Novo decreto regulamenta atividade comercial em Vazante durante pandemia de Covid-19

Um novo decreto do Executivo Municipal, publicado nesta quarta-feira (22), regulamenta as medidas de enfrentamento do Covid-19 no município de Vazante.

A população em geral, tanto da zona urbana, quanto rural, deverão adotar medidas de proteção e defesa contra a disseminação do Covid-19, ajustando e cumprindo as orientações de segurança em suas residências e locais de trabalho.

As regras de funcionamento dos estabelecimentos comerciais em geral foram alteradas, possibilitando que funcionem obedecendo as medidas determinadas no decreto.

Houve também novas medidas para bares, restaurantes, lanchonetes e padarias, postos de conveniência, pizzarias, pamonharias, sorveterias, distribuidoras de bebidas e igrejas funcionarem.

Decreto atualizado em 23-04-20 (10:15), acompanhe a seguir.

DECRETO Nº. 044 /2020

Regulamenta as medidas de enfrentamento do Covid-19, altera medidas de proteção à coletividade e dá outras providências.”

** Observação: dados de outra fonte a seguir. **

(* For any set of rule schemes $\mathcal{R}\subseteq\{N,H,P,F,wF\}$: if $\mathbf{STL}(\mathcal{R})\vdash\Gamma\Rightarrow A$ then $\mathbf{ST}(\mathcal{R})\vDash\Gamma\Rightarrow A$; and if $\Gamma\vdash_{i\mathbf{STL}(\mathcal{R})}A$ then $i\mathbf{ST}(\mathcal{R})\vDash\Gamma\Rightarrow A$.
   Context: Formulas of $\mathcal{L}_\nabla$ are built from propositional variables and constants $1,\top,\bot$ by binary $\wedge,\vee,\otimes,\to$ and unary $\nabla$. A sequent is $\Gamma\Rightarrow A$ with $\Gamma$ a finite (possibly empty) sequence of formulas; $\nabla\Gamma$ applies $\nabla$ to each member. $\mathbf{STL}$ has axioms $A\Rightarrow A$, $\Rightarrow1$, $\nabla1\Rightarrow1$, $\Gamma\Rightarrow\top$, $\Gamma,\bot,\Sigma\Rightarrow A$ and rules (premises / conclusion): cut: $\Gamma\Rightarrow A$ and $\Pi,A,\Sigma\Rightarrow B$ / $\Pi,\Gamma,\Sigma\Rightarrow B$; $L\wedge$: $\Gamma,A,\Sigma\Rightarrow C$ / $\Gamma,A\wedge B,\Sigma\Rightarrow C$ and $\Gamma,B,\Sigma\Rightarrow C$ / $\Gamma,A\wedge B,\Sigma\Rightarrow C$; $R\wedge$: $\Gamma\Rightarrow A$ and $\Gamma\Rightarrow B$ / $\Gamma\Rightarrow A\wedge B$; $L\vee$: $\Gamma,A,\Sigma\Rightarrow C$ and $\Gamma,B,\Sigma\Rightarrow C$ / $\Gamma,A\vee B,\Sigma\Rightarrow C$; $R\vee$: $\Gamma\Rightarrow A$ / $\Gamma\Rightarrow A\vee B$ and $\Gamma\Rightarrow B$ / $\Gamma\Rightarrow A\vee B$; $L1$: $\Gamma,\Sigma\Rightarrow A$ / $\Gamma,1,\Sigma\Rightarrow A$; $L\otimes$: $\Gamma,A,B,\Sigma\Rightarrow C$ / $\Gamma,A\otimes B,\Sigma\Rightarrow C$; $R\otimes$: $\Gamma\Rightarrow A$ and $\Sigma\Rightarrow B$ / $\Gamma,\Sigma\Rightarrow A\otimes B$; $(\nabla)$: $A\Rightarrow B$ / $\nabla A\Rightarrow\nabla B$; Oplax: $\nabla A,\nabla B\Rightarrow C$ / $\nabla(A\otimes B)\Rightarrow C$; $L\to$: $\Gamma\Rightarrow A$ and $\Pi,B,\Sigma\Rightarrow C$ / $\Pi,\Gamma,\nabla(A\to B),\Sigma\Rightarrow C$; $R\to$: $A,\nabla\Gamma\Rightarrow B$ / $\Gamma\Rightarrow A\to B$. Rule schemes: $(N)$: $\Gamma\Rightarrow A$ / $\nabla\Gamma\Rightarrow\nabla A$; $(P)$: $\Gamma\Rightarrow\nabla A$ / $\Gamma\Rightarrow A$; $(F)$: $\Gamma\Rightarrow A$ / $\Gamma\Rightarrow\nabla A$; $(wF)$: $\nabla A\Rightarrow\bot$ / $A\Rightarrow\bot$; $(H)$: $\Gamma,A_1\to B_1,\dots,A_n\to B_n\Rightarrow C$ / $\nabla\Gamma,\nabla A_1\to\nabla B_1,\dots,\nabla A_n\to\nabla B_n\Rightarrow\nabla C$ ($n\ge0$). Structural rules: weakening $\Gamma,\Sigma\Rightarrow B$ / $\Gamma,A,\Sigma\Rightarrow B$; contraction $\Gamma,A,A,\Sigma\Rightarrow B$ / $\Gamma,A,\Sigma\Rightarrow B$; exchange $\Gamma,A,B,\Sigma\Rightarrow C$ / $\Gamma,B,A,\Sigma\Rightarrow C$. $\mathbf{STL}(\mathcal{R})$ is $\mathbf{STL}$ plus the schemes in $\mathcal{R}$; $i\mathbf{STL}(\mathcal{R})$ is $\mathbf{STL}(\mathcal{R})$ plus the structural rules; $\Gamma\vdash_L A$ means $L$ derives $\Gamma\Rightarrow A$. Semantics: a quantale is a monoidal poset (monoid with multiplication monotone in each argument) with all joins over which multiplication distributes; a locale is a quantale whose multiplication is binary meet with unit the top. A non-commutative spacetime is $\mathcal{S}=(\mathscr{X},\nabla)$ with $\mathscr{X}$ a quantale, $\nabla$ join preserving and oplax monoidal ($\nabla e\le e$, $\nabla(a\otimes b)\le\nabla a\otimes\nabla b$); a spacetime is one where $\mathscr{X}$ is a locale. Its implication $\to_{\mathcal{S}}$ is characterized by $a\otimes\nabla b\le c$ iff $b\le a\to_{\mathcal{S}}c$. A valuation $V$ maps formulas to $\mathscr{X}$ with $V(1)=e$, $V(\bot)=$ bottom, $V(\top)=$ top, and $V$ commuting with $\wedge,\vee,\otimes,\nabla,\to$ (interpreted by meet, join, $\otimes$, $\nabla$, $\to_{\mathcal{S}}$). $(\mathcal{S},V)\vDash\gamma_1,\dots,\gamma_n\Rightarrow A$ iff $V(\gamma_1)\otimes\cdots\otimes V(\gamma_n)\le V(A)$ (empty product $=e$); $\mathcal{S}\vDash$ means for all $V$; a class $\vDash$ means for every member. $\mathcal{S}$ satisfies $(N)$ if $\nabla e=e$ and $\nabla(a\otimes b)=\nabla a\otimes\nabla b$; $(H)$ if $\nabla$ preserves all the structure including the implication; $(P)$ if $\nabla a\le a$; $(F)$ if $a\le\nabla a$; $(wF)$ if $\nabla a=0$ implies $a=0$. $\mathbf{ST}(\mathcal{R})$ is the class of non-commutative spacetimes satisfying all schemes in $\mathcal{R}$, and $i\mathbf{ST}(\mathcal{R})$ the class of spacetimes satisfying them. *)

theory Defs
  imports Main
begin

datatype fm =
    Var nat
  | One
  | TT
  | FF
  | Conj fm fm
  | Disj fm fm
  | Tens fm fm
  | Imp fm fm
  | Nab fm

datatype scheme = SN | SH | SP | SF | SwF

text \<open>deriv R i G A: the sequent G => A is derivable in STL(R) (i = False)
  or in iSTL(R) (i = True, structural rules added).\<close>

inductive deriv :: "scheme set \<Rightarrow> bool \<Rightarrow> fm list \<Rightarrow> fm \<Rightarrow> bool" for R :: "scheme set" and i :: bool where
  ax_id: "deriv R i [A] A"
| ax_one: "deriv R i [] One"
| ax_nabone: "deriv R i [Nab One] One"
| ax_top: "deriv R i G TT"
| ax_bot: "deriv R i (G @ [FF] @ S) A"
| cut: "deriv R i G A \<Longrightarrow> deriv R i (P @ [A] @ S) B \<Longrightarrow> deriv R i (P @ G @ S) B"
| L_conj1: "deriv R i (G @ [A] @ S) C \<Longrightarrow> deriv R i (G @ [Conj A B] @ S) C"
| L_conj2: "deriv R i (G @ [B] @ S) C \<Longrightarrow> deriv R i (G @ [Conj A B] @ S) C"
| R_conj: "deriv R i G A \<Longrightarrow> deriv R i G B \<Longrightarrow> deriv R i G (Conj A B)"
| L_disj: "deriv R i (G @ [A] @ S) C \<Longrightarrow> deriv R i (G @ [B] @ S) C \<Longrightarrow> deriv R i (G @ [Disj A B] @ S) C"
| R_disj1: "deriv R i G A \<Longrightarrow> deriv R i G (Disj A B)"
| R_disj2: "deriv R i G B \<Longrightarrow> deriv R i G (Disj A B)"
| L_one: "deriv R i (G @ S) A \<Longrightarrow> deriv R i (G @ [One] @ S) A"
| L_tens: "deriv R i (G @ [A, B] @ S) C \<Longrightarrow> deriv R i (G @ [Tens A B] @ S) C"
| R_tens: "deriv R i G A \<Longrightarrow> deriv R i S B \<Longrightarrow> deriv R i (G @ S) (Tens A B)"
| nab: "deriv R i [A] B \<Longrightarrow> deriv R i [Nab A] (Nab B)"
| oplax: "deriv R i [Nab A, Nab B] C \<Longrightarrow> deriv R i [Nab (Tens A B)] C"
| L_imp: "deriv R i G A \<Longrightarrow> deriv R i (P @ [B] @ S) C \<Longrightarrow>
            deriv R i (P @ G @ [Nab (Imp A B)] @ S) C"
| R_imp: "deriv R i (A # map Nab G) B \<Longrightarrow> deriv R i G (Imp A B)"
| rN: "SN \<in> R \<Longrightarrow> deriv R i G A \<Longrightarrow> deriv R i (map Nab G) (Nab A)"
| rP: "SP \<in> R \<Longrightarrow> deriv R i G (Nab A) \<Longrightarrow> deriv R i G A"
| rF: "SF \<in> R \<Longrightarrow> deriv R i G A \<Longrightarrow> deriv R i G (Nab A)"
| rwF: "SwF \<in> R \<Longrightarrow> deriv R i [Nab A] FF \<Longrightarrow> deriv R i [A] FF"
| rH: "SH \<in> R \<Longrightarrow> deriv R i (G @ map (\<lambda>(a, b). Imp a b) ps) C \<Longrightarrow>
        deriv R i (map Nab G @ map (\<lambda>(a, b). Imp (Nab a) (Nab b)) ps) (Nab C)"
| weak: "i \<Longrightarrow> deriv R i (G @ S) B \<Longrightarrow> deriv R i (G @ [A] @ S) B"
| contr: "i \<Longrightarrow> deriv R i (G @ [A, A] @ S) B \<Longrightarrow> deriv R i (G @ [A] @ S) B"
| exch: "i \<Longrightarrow> deriv R i (G @ [A, B] @ S) C \<Longrightarrow> deriv R i (G @ [B, A] @ S) C"

record 'a nst =
  tmul :: "'a \<Rightarrow> 'a \<Rightarrow> 'a"
  tunit :: 'a
  tnab :: "'a \<Rightarrow> 'a"

definition quantale :: "('a::complete_lattice) nst \<Rightarrow> bool" where
  "quantale S \<longleftrightarrow>
     (\<forall>a b c. tmul S (tmul S a b) c = tmul S a (tmul S b c)) \<and>
     (\<forall>a. tmul S (tunit S) a = a \<and> tmul S a (tunit S) = a) \<and>
     (\<forall>a b c. a \<le> b \<longrightarrow> tmul S a c \<le> tmul S b c \<and> tmul S c a \<le> tmul S c b) \<and>
     (\<forall>a X. tmul S a (Sup X) = Sup ((\<lambda>x. tmul S a x) ` X)) \<and>
     (\<forall>X a. tmul S (Sup X) a = Sup ((\<lambda>x. tmul S x a) ` X))"

definition locale_q :: "('a::complete_lattice) nst \<Rightarrow> bool" where
  "locale_q S \<longleftrightarrow> quantale S \<and> (\<forall>a b. tmul S a b = inf a b) \<and> tunit S = top"

definition nc_spacetime :: "('a::complete_lattice) nst \<Rightarrow> bool" where
  "nc_spacetime S \<longleftrightarrow> quantale S \<and>
     (\<forall>X. tnab S (Sup X) = Sup (tnab S ` X)) \<and>
     tnab S (tunit S) \<le> tunit S \<and>
     (\<forall>a b. tnab S (tmul S a b) \<le> tmul S (tnab S a) (tnab S b))"

definition spacetime :: "('a::complete_lattice) nst \<Rightarrow> bool" where
  "spacetime S \<longleftrightarrow> nc_spacetime S \<and> locale_q S"

text \<open>The implication: right adjoint, a * nab b <= c iff b <= a -> c.
  Since nab preserves joins it exists and equals the following join.\<close>

definition st_imp :: "('a::complete_lattice) nst \<Rightarrow> 'a \<Rightarrow> 'a \<Rightarrow> 'a" where
  "st_imp S a c = Sup {b. tmul S a (tnab S b) \<le> c}"

fun eval :: "('a::complete_lattice) nst \<Rightarrow> (nat \<Rightarrow> 'a) \<Rightarrow> fm \<Rightarrow> 'a" where
  "eval S v (Var p) = v p"
| "eval S v One = tunit S"
| "eval S v TT = top"
| "eval S v FF = bot"
| "eval S v (Conj A B) = inf (eval S v A) (eval S v B)"
| "eval S v (Disj A B) = sup (eval S v A) (eval S v B)"
| "eval S v (Tens A B) = tmul S (eval S v A) (eval S v B)"
| "eval S v (Imp A B) = st_imp S (eval S v A) (eval S v B)"
| "eval S v (Nab A) = tnab S (eval S v A)"

definition models :: "('a::complete_lattice) nst \<Rightarrow> fm list \<Rightarrow> fm \<Rightarrow> bool" where
  "models S G A \<longleftrightarrow>
     (\<forall>v. foldr (tmul S) (map (eval S v) G) (tunit S) \<le> eval S v A)"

O Prefeito Municipal de Vazante-MG, no uso de suas atribuições legais, em especial as contidas no artigo 46, Inciso VI, VII e XII da Lei Orgânica Municipal;

Considerando o estado de calamidade pública decorrente do Coronavírus (Covid-19) e que a legislação federal, bem como seus decretos, portarias, resoluções e atualizações realizadas pelo Ministério da Saúde e do Governo do Estado de Minas Gerais, em especial, as coletivas de imprensa;

Considerando as manifestações do Ministério da Economia e dos comerciantes solicitando ações necessárias para reduzir o impacto econômico da pandemia do Covid-19 e as deliberações do Comitê Gestor do Plano de Prevenção e Contingenciamento em Saúde do Covid-19 do Município de Vazante-MG;

Considerando, que atualmente, no Município de Vazante existe apenas 04 (quatro) casos confirmados de Covid-19,  05 (cinco) casos suspeitos e 25 (vinte e cinco) casos descartados, bem como, que não há, no momento, nenhum óbito ou paciente suspeito ou confirmado de Covid-19 internado no Hospital Municipal Nossa Senhora da Lapa, ou mesmo em estado grave de saúde e que a Vigilância Epidemiológica está conseguindo fazer o monitoramento das pessoas infectadas e as que tiveram contato com tais pessoas;

Considerando ainda, que no Hospital Municipal Nossa Senhora da Lapa está em construção leitos de UTI devidamente equipados, que o Município possui três respiradores no Hospital Municipal e que há a previsão de doação de mais respiradores pelos comerciantes locais;

Considerando por fim que cabe aos Municípios, por seus gestores, seguir as instruções e normas vindas do Governo do Estado de Minas Gerais, buscando, contudo, o bem comum dos administrados;

DECRETA:

Art. 1º. A sociedade vazantina, o comércio e demais atividades econômicas, atividades e serviços essenciais, estabelecidos no Município de Vazante, a partir da publicação deste Decreto, deverão observar as regras aqui contidas, bem como nas futuras deliberações do Comitê Gestor do Plano de Prevenção e Contingenciamento em Saúde do Covid-19 do Município de Vazante-MG.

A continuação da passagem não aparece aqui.